Jubilant FoodWorks share price closed higher today even after the firm reported a 57.96 per cent decline in consolidated net profit for quarter ended March 2020. Share price of Jubilant FoodWorks rose nearly 6% to Rs 1614 in early trade today compared to the previous close of Rs 1524 on BSE. Jubilant Foodworks stock opened with a gain of 3.06% at Rs 1,571 today.
The stock has gained 4.26% in 2 days. The stock stands higher than 20 day, 50 day and 200 day moving averages but lower than 5 day and 100 day moving averages.

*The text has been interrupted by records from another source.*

lemma null_lower_contour_through:
  assumes nonneg: "\<And>L. lower_contour le A L \<Longrightarrow> 0 \<le> \<mu> L"
    and small: "\<And>\<epsilon>. \<epsilon> > 0 \<Longrightarrow> \<exists>L. lower_contour le A L \<and> m \<in> L \<and> \<mu> L < \<epsilon>"
  shows "\<exists>L. lower_contour le A L \<and> m \<in> L \<and> \<mu> L = 0"
proof -
  have "\<forall>k::nat. \<exists>L. lower_contour le A L \<and> m \<in> L \<and> \<mu> L < (1/2)^k"
    using small by simp
  then obtain L where L: "\<And>k. lower_contour le A (L k)" "\<And>k. m \<in> L k"
    and L_small: "\<And>k. \<mu> (L k) < (1/2)^k"
    by metis
  define K where "K n = (\<Inter>k\<in>{n..}. L k)" for n
  have K: "lower_contour le A (K n)" "m \<in> K n" for n
    unfolding K_def using L by (auto intro!: lower_contour_INT[where x = m])
  have K_bound: "\<mu> (K n) \<le> 2 * (1/2)^n" for n
  proof -
    have "K n = (\<Inter>N. \<Inter>k\<in>{n..N}. L k)"
      unfolding K_def by (rule INT_atLeast_eq_INT_atLeastAtMost)
    moreover have "decseq (\<lambda>N. \<Inter>k\<in>{n..N}. L k)"
      by (auto simp: decseq_def)
    ultimately have "(\<lambda>N. \<mu> (\<Inter>k\<in>{n..N}. L k)) \<longlonglongrightarrow> \<mu> (K n)"
      by (simp add: continuous_from_above)
    moreover have "\<mu> (\<Inter>k\<in>{n..N}. L k) \<le> 2 * (1/2)^n" if "n \<le> N" for N
    proof -
      have "\<mu> (\<Inter>k\<in>{n..N}. L k) \<le> (\<Sum>k=n..N. \<mu> (L k))"
        using nonneg L that by (rule lower_contour_INT_subadditive)
      also have "\<dots> \<le> (\<Sum>k=n..N. (1/2)^k)"
        using L_small by (intro sum_mono) (simp add: less_imp_le)
      also have "\<dots> \<le> 2 * (1/2)^n"
        using that by (simp add: sum_gp)
      finally show ?thesis .
    qed
    ultimately show ?thesis
      by (intro LIMSEQ_le_const2) auto
  qed
  have "incseq K"
    by (auto simp: incseq_def K_def)
  then have "(\<lambda>n. \<mu> (K n)) \<longlonglongrightarrow> \<mu> (\<Union>n. K n)"
    by (rule continuous_from_below)
  moreover have "(\<lambda>n. 2 * (1/2)^n :: real) \<longlonglongrightarrow> 0"
    by (intro tendsto_eq_intros LIMSEQ_power_zero) auto
  ultimately have "\<mu> (\<Union>n. K n) \<le> 0"
    using K_bound by (blast intro: LIMSEQ_le)
  moreover have "lower_contour le A (\<Union>n. K n)"
    using K by (intro lower_contour_Union) auto
  moreover have "m \<in> (\<Union>n. K n)"
    using K by auto
  ultimately show ?thesis
    using nonneg by force
qed

lemma null_lower_contour_Un:
  assumes nonneg: "\<And>L. lower_contour le A L \<Longrightarrow> 0 \<le> \<mu> L"
    and "lower_contour le A L" "\<mu> L = 0" "lower_contour le A M" "\<mu> M = 0"
  shows "\<mu> (L \<union> M) = 0"
proof -
  have "0 \<le> \<mu> (L \<inter> M)"
    using assms by (cases "L \<inter> M = {}") (auto intro: nonneg lower_contour_Int)
  moreover have "0 \<le> \<mu> (L \<union> M)"
    using assms by (intro nonneg lower_contour_Un)
  ultimately show ?thesis
    using modular[of L M] assms by simp
qed

lemma null_lower_contour_UN:
  assumes nonneg: "\<And>L. lower_contour le A L \<Longrightarrow> 0 \<le> \<mu> L"
    and C: "\<And>j::nat. lower_contour le A (C j)" "\<And>j. \<mu> (C j) = 0"
  shows "lower_contour le A (\<Union>j. C j)" "\<mu> (\<Union>j. C j) = 0"
proof -
  show "lower_contour le A (\<Union>j. C j)"
    using C by (intro lower_contour_Union) auto
  define N where "N n = (\<Union>j\<le>n. C j)" for n
  have N: "lower_contour le A (N n) \<and> \<mu> (N n) = 0" for n
  proof (induction n)
    case 0
    then show ?case using C by (simp add: N_def)
  next
    case (Suc n)
    have "N (Suc n) = N n \<union> C (Suc n)"
      by (auto simp: N_def le_Suc_eq)
    then show ?case
      using Suc.IH C nonneg null_lower_contour_Un lower_contour_Un by metis
  qed
  have "incseq N"
    unfolding incseq_def N_def by (intro allI impI UN_mono) auto
  then have "(\<lambda>n. \<mu> (N n)) \<longlonglongrightarrow> \<mu> (\<Union>n. N n)"
    by (rule continuous_from_below)
  moreover have "(\<Union>n. N n) = (\<Union>j. C j)"
    by (auto simp: N_def)
  ultimately show "\<mu> (\<Union>j. C j) = 0"
    using N by (simp add: LIMSEQ_const_iff)
qed

lemma Union_null_lower_contours:
  fixes le :: "'a \<Rightarrow> 'a \<Rightarrow> bool" and A :: "'a set"
  defines "U \<equiv> \<Union>{L. lower_contour le A L \<and> \<mu> L = 0}"
  assumes nonneg: "\<And>L. lower_contour le A L \<Longrightarrow> 0 \<le> \<mu> L"
    and "countable A" "lower_contour le A L0" "\<mu> L0 = 0"
  shows "lower_contour le A U" "\<mu> U = 0"
proof -
  have "U \<noteq> {}" "U \<subseteq> A"
    using assms(3-) unfolding U_def lower_contour_def by blast+
  then have "countable U"
    using \<open>countable A\<close> countable_subset by blast
  have "\<forall>e\<in>U. \<exists>L. lower_contour le A L \<and> \<mu> L = 0 \<and> e \<in> L"
    unfolding U_def by blast
  then obtain C where C: "\<And>e. e \<in> U \<Longrightarrow> lower_contour le A (C e)"
    "\<And>e. e \<in> U \<Longrightarrow> \<mu> (C e) = 0" "\<And>e. e \<in> U \<Longrightarrow> e \<in> C e"
    by metis
  define e where "e = from_nat_into U"
  have e: "e j \<in> U" for j
    unfolding e_def using \<open>U \<noteq> {}\<close> by (rule from_nat_into)
  have "U = (\<Union>j. C (e j))"
  proof
    show "(\<Union>j. C (e j)) \<subseteq> U"
      unfolding U_def using C e by blast
    have "range e = U"
      unfolding e_def using \<open>U \<noteq> {}\<close> \<open>countable U\<close> by (rule range_from_nat_into)
    then show "U \<subseteq> (\<Union>j. C (e j))"
      using C(3) by blast
  qed
  then show "lower_contour le A U" "\<mu> U = 0"
    using null_lower_contour_UN[OF nonneg, where C = "\<lambda>j. C (e j)"] C e by simp_all
qed

lemma largest_null_lower_contour:
  assumes nonneg: "\<And>L. lower_contour le A L \<Longrightarrow> 0 \<le> \<mu> L"
    and inf_zero: "\<And>\<epsilon>. \<epsilon> > 0 \<Longrightarrow> \<exists>L. lower_contour le A L \<and> \<mu> L < \<epsilon>"
    and "countable A" "finite (min_elems le A)"
    and below: "\<And>x. x \<in> A \<Longrightarrow> \<exists>m\<in>min_elems le A. le m x"
  shows "\<exists>U. lower_contour le A U \<and> \<mu> U = 0 \<and>
           (\<forall>L. lower_contour le A L \<and> \<mu> L = 0 \<longrightarrow> L \<subseteq> U)"
proof -
  have "\<exists>m\<in>min_elems le A. \<forall>\<epsilon>>0. \<exists>L. lower_contour le A L \<and> m \<in> L \<and> \<mu> L < \<epsilon>"
  proof (rule finite_bex_all_pos_swap[OF \<open>finite (min_elems le A)\<close>])
    fix \<epsilon> :: real assume "\<epsilon> > 0"
    then obtain L where "lower_contour le A L" "\<mu> L < \<epsilon>"
      using inf_zero by blast
    moreover from this obtain m where "m \<in> min_elems le A" "m \<in> L"
      using lower_contour_meets_min_elems below by blast
    ultimately show "\<exists>m\<in>min_elems le A. \<exists>L. lower_contour le A L \<and> m \<in> L \<and> \<mu> L < \<epsilon>"
      by blast
  next
    fix m \<epsilon> \<epsilon>'
    assume "\<exists>L. lower_contour le A L \<and> m \<in> L \<and> \<mu> L < \<epsilon>" "\<epsilon> \<le> \<epsilon>'"
    then show "\<exists>L. lower_contour le A L \<and> m \<in> L \<and> \<mu> L < \<epsilon>'"
      by (meson less_le_trans)
  qed
  then obtain L0 where "lower_contour le A L0" "\<mu> L0 = 0"
    using null_lower_contour_through[OF nonneg] by blast
  with Union_null_lower_contours[OF nonneg \<open>countable A\<close>] show ?thesis
    by blast
qed

end

definition mixture_prob :: "real \<Rightarrow> 'e pmf \<Rightarrow> 'e pmf \<Rightarrow> 'e set \<Rightarrow> real" where
  "mixture_prob \<pi>0 FG FB B = measure_pmf.prob FG B * \<pi>0 + measure_pmf.prob FB B * (1 - \<pi>0)"

lemma nu_eq_mixture_prob:
  "nu \<pi>0 FG FB B = measure_pmf.prob FG B * \<pi>0 / mixture_prob \<pi>0 FG FB B"
  by (simp add: nu_def mixture_prob_def)

lemma mixture_prob_pos:
  assumes "0 < \<pi>0" "\<pi>0 < 1" "B \<noteq> {}" "\<And>e. e \<in> B \<Longrightarrow> pmf FG e > 0 \<or> pmf FB e > 0"
  shows "0 < mixture_prob \<pi>0 FG FB B"
proof -
  obtain e where "e \<in> B" and e: "pmf FG e > 0 \<or> pmf FB e > 0"
    using assms(3,4) by blast
  then have "pmf FG e \<le> measure_pmf.prob FG B" "pmf FB e \<le> measure_pmf.prob FB B"
    by (auto simp: measure_pmf_single[symmetric] intro: measure_pmf.finite_measure_mono)
  then have "0 < measure_pmf.prob FG B * \<pi>0 \<or> 0 < measure_pmf.prob FB B * (1 - \<pi>0)"
    using e assms(1,2) by auto
  moreover have "0 \<le> measure_pmf.prob FG B * \<pi>0" "0 \<le> measure_pmf.prob FB B * (1 - \<pi>0)"
    using assms(1,2) by simp_all
  ultimately show ?thesis
    unfolding mixture_prob_def by linarith
qed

22 of 27 brokerages rate the stock "buy" or 'outperform', two "hold" and five "underperform", according to analysts' recommendations tracked by Reuters.
The operator of fast-food chains Domino's Pizza and Dunkin' Donuts reported a net profit of Rs 32.53 crore in Q4 due to the coronavirus pandemic and subsequent lockdown. It posted net profit of Rs 77.38 crore in January-March quarter a year ago.
Revenue from operations climbed 4.11 per cent to Rs 908.75 crore in Q4 against Rs 872.82 crore in the corresponding quarter of last fiscal.
There was a "sharp drop in revenue" in March due to COVID-19 pandemic and the "consequent national lockdown, which impacted the overall quarter's performance adversely", the company said.
Jubilant FoodWorks CEO Pratik Pota said, "Our strong run in Q4 was interrupted by the onset of coronavirus and the consequent lockdown."
Total expenses in Q4 rose 13.64 per cent to Rs 875 crore against Rs 769.91 crore a year ago. However, brokerages were positive about the prospects of the stock.
"The industry consolidation and efforts to improve unit economics are key positives. The company's numbers for quarter-ended March were impacted due to lockdown. Credible brand positioning with trend toward food delivery should aid market share," said CLSA.
The brokerage retained "buy" call on the stock and raised price target to Rs 1,850 from Rs 1,800 per share. Morgan Stanley said Jubliant Foodworks has superior brand perception and value proposition. It has overweight rating on stock with a target of Rs 1,900.
"The company has higher proportion of delivery and lower competitive intensity. The preparedness for new normal and cost control should drive speedy recovery as management sounded extremely focussed on execution," said Morgan Stanley.